Across the listing below, count the lines containing "every". Answer with that number only.
::::::::::
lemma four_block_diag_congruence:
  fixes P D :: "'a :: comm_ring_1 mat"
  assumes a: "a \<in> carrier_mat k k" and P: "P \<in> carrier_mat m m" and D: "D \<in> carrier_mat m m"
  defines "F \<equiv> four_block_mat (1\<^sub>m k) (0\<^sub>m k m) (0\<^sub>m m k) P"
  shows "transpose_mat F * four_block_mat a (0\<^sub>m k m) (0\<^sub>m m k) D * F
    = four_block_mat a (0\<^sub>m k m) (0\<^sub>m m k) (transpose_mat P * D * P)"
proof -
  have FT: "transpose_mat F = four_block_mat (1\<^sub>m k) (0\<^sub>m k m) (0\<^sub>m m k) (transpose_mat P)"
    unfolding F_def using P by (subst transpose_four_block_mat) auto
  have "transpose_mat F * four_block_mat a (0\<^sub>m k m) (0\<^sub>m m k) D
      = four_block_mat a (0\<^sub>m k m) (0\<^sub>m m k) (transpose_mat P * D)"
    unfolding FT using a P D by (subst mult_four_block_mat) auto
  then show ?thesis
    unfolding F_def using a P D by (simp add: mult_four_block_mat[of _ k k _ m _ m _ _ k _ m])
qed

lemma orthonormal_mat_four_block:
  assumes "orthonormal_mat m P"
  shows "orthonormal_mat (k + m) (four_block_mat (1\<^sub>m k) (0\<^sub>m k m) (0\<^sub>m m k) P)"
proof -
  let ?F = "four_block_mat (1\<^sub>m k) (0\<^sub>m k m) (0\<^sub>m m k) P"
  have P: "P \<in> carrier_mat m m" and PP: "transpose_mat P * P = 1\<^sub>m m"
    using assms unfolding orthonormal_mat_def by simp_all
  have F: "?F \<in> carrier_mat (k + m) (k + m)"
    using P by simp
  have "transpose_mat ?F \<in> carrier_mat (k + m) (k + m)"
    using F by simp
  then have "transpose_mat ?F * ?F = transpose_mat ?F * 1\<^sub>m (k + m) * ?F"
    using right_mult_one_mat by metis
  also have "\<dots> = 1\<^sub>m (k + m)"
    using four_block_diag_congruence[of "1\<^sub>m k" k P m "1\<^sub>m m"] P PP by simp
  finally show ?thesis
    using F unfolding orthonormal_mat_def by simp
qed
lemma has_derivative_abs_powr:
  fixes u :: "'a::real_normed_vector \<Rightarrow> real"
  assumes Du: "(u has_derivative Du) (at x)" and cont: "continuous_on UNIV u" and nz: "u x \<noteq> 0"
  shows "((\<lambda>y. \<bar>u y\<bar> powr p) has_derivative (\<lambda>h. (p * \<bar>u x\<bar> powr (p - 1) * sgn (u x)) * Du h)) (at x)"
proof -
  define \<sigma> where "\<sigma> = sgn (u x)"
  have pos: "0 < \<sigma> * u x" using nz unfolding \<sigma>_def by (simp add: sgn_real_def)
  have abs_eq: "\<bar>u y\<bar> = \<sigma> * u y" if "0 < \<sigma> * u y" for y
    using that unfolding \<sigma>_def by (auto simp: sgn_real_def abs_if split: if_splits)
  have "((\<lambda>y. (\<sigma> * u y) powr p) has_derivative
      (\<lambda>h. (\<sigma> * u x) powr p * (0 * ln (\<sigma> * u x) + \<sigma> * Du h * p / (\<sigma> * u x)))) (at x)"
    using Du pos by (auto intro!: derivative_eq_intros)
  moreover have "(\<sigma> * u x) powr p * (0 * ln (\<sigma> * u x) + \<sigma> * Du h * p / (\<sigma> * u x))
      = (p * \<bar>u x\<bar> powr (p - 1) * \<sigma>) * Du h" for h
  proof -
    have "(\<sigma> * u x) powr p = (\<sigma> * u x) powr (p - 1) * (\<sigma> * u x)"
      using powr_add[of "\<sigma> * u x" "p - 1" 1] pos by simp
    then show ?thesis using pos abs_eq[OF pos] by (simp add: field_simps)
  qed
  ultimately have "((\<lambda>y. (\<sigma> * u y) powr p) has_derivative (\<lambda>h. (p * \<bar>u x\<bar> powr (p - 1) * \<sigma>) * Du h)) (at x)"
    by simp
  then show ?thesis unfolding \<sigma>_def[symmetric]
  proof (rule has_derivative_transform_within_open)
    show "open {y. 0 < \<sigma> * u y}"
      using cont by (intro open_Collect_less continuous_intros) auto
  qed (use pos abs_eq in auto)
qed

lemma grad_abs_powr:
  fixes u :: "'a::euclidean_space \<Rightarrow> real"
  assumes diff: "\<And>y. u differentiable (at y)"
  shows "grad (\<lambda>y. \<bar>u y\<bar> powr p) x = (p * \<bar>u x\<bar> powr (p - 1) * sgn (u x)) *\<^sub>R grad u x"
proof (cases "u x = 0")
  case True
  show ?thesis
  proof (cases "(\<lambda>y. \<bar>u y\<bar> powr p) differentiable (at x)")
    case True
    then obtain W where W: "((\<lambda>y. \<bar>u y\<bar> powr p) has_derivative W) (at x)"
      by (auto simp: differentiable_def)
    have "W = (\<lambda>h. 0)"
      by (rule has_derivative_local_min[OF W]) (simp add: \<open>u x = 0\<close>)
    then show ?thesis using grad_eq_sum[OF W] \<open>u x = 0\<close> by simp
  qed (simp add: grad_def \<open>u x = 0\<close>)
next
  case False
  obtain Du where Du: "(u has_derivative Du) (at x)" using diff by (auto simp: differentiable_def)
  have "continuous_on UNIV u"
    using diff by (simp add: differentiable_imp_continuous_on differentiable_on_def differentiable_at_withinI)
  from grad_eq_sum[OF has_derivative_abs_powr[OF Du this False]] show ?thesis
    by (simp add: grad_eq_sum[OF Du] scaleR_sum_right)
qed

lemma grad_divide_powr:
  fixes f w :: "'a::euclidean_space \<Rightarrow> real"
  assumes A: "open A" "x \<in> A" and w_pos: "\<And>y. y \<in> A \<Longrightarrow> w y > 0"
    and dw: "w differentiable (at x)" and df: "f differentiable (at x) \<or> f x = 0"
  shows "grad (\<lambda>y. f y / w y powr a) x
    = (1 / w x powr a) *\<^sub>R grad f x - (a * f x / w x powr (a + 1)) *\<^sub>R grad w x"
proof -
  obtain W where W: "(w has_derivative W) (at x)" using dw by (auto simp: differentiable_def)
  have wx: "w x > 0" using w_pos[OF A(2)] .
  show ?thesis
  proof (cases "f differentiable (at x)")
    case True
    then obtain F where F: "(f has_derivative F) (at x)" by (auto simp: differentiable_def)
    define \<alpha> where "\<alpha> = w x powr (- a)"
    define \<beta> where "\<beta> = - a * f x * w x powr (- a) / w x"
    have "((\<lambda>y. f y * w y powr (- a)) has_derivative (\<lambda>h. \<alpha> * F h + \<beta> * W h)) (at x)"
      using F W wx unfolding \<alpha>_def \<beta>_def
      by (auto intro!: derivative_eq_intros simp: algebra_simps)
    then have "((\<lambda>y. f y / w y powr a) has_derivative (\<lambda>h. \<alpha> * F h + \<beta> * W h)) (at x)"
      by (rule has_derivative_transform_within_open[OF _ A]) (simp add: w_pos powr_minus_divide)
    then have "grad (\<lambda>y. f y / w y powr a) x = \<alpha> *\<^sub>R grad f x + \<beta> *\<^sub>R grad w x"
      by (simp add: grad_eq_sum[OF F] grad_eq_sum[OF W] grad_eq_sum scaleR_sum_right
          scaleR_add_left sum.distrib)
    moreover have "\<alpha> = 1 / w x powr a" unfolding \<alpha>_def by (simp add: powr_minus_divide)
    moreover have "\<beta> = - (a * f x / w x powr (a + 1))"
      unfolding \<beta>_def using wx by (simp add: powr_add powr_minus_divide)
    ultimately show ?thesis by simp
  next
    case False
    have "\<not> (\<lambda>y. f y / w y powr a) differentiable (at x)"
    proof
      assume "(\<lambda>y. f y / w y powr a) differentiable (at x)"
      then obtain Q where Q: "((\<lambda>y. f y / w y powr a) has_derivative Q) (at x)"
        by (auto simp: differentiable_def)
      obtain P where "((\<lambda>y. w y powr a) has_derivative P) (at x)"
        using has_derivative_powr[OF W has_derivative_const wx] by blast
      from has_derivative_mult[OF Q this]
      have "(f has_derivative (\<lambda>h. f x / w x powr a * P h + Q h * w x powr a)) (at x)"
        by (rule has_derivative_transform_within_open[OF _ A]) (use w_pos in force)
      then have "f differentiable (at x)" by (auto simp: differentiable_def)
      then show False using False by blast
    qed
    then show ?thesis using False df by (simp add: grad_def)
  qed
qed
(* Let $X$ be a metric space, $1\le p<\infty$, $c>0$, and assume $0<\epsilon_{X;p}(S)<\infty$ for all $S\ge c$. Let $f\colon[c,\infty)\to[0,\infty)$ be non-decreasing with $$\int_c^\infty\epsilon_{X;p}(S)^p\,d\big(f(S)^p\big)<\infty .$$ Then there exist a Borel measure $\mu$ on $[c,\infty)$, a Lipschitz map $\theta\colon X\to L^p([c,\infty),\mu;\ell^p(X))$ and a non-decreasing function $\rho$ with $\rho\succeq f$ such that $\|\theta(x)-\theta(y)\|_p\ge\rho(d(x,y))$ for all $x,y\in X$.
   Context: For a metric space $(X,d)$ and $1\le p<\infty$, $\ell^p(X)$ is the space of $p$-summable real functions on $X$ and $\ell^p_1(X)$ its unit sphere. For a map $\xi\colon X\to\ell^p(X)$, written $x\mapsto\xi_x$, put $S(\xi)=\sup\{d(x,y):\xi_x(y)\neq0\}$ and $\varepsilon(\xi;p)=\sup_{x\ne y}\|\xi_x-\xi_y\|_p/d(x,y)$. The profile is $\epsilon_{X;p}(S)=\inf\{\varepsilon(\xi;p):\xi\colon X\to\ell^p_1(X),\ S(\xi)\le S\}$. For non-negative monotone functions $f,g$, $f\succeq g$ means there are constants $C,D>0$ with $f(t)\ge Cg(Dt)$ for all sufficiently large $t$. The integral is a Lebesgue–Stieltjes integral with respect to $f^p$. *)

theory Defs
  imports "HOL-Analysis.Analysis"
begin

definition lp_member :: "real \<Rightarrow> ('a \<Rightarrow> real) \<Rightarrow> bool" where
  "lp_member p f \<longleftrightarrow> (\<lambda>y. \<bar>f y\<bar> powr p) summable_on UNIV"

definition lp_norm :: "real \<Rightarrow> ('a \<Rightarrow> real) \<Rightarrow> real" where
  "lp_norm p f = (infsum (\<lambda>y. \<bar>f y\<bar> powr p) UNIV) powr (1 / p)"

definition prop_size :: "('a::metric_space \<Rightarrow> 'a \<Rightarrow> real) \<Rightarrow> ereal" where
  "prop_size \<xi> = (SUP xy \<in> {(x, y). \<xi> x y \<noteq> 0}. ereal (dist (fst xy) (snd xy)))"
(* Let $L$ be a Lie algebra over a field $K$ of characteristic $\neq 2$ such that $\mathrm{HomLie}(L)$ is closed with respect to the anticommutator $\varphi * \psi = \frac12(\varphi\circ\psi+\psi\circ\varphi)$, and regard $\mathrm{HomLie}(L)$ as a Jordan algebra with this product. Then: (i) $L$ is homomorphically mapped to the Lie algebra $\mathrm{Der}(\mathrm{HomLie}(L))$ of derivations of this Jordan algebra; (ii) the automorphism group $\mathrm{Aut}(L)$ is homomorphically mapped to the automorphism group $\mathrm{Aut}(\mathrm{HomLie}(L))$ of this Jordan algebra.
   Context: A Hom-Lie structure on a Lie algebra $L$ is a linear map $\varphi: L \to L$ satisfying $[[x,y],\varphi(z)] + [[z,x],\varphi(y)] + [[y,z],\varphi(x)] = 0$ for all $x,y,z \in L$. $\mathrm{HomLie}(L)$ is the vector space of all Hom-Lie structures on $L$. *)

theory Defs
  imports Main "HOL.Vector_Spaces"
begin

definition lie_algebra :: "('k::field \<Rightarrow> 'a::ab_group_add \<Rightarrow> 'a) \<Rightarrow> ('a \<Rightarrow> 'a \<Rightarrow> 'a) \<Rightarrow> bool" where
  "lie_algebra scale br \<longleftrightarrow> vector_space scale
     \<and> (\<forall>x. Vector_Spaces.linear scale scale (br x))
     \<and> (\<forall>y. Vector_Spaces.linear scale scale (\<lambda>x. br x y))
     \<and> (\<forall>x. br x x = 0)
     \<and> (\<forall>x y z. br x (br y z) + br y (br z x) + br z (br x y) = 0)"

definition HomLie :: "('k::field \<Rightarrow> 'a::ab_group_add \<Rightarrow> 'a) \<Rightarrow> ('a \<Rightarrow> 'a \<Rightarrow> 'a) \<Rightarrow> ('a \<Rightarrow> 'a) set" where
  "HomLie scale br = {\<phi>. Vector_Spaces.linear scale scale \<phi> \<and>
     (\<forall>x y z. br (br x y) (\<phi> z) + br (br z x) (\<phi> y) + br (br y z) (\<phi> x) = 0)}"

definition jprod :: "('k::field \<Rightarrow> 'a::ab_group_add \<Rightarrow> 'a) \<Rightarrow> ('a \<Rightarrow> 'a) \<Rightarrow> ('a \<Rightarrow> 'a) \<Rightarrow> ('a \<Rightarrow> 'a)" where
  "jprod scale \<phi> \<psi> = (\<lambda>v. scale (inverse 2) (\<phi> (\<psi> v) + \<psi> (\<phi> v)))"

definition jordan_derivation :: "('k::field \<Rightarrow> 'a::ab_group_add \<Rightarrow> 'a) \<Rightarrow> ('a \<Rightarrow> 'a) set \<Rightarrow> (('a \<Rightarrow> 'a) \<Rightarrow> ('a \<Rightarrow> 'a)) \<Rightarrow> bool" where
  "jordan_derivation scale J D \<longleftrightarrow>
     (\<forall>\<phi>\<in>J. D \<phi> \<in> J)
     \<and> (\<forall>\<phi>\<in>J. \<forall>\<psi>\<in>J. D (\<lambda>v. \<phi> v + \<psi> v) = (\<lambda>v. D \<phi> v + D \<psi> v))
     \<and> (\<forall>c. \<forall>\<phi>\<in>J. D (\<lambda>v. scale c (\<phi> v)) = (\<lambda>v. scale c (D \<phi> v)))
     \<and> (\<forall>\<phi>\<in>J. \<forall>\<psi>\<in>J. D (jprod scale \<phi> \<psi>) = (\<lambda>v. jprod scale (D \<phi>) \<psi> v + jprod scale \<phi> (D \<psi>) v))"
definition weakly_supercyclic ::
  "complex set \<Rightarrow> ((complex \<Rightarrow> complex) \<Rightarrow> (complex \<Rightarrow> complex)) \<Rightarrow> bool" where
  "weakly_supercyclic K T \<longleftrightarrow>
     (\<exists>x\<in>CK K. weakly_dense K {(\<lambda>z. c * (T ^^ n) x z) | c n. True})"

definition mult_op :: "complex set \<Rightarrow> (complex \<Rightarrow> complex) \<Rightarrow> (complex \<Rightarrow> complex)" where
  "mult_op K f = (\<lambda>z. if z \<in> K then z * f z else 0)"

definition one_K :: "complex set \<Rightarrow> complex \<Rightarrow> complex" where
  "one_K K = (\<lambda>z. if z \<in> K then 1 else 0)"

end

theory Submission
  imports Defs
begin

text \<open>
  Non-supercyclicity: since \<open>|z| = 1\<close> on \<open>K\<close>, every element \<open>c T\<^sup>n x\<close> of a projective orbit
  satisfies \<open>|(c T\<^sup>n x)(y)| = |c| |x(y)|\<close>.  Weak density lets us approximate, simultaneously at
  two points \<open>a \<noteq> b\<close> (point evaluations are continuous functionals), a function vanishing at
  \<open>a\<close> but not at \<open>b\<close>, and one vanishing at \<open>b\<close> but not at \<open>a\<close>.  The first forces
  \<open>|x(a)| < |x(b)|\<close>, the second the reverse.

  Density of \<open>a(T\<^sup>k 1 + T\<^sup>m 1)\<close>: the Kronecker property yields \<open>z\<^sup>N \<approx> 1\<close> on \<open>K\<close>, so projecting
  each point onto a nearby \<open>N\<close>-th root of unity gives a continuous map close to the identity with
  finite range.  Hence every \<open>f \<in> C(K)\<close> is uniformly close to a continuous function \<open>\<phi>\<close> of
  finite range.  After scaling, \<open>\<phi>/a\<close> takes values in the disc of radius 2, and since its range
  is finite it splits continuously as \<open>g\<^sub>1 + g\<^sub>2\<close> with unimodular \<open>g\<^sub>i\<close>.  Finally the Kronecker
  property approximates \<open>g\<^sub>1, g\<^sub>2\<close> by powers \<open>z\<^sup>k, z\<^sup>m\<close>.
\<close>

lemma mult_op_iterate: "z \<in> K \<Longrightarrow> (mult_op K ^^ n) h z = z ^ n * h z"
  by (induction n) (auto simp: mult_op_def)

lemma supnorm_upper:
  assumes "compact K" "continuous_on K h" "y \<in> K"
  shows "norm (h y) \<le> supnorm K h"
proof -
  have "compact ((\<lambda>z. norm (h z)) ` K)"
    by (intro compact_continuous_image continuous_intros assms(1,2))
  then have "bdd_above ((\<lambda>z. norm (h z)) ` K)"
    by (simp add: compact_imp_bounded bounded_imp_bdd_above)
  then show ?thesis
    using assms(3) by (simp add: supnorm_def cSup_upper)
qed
::::::::::
# [WRITTEN RESPONSE]
2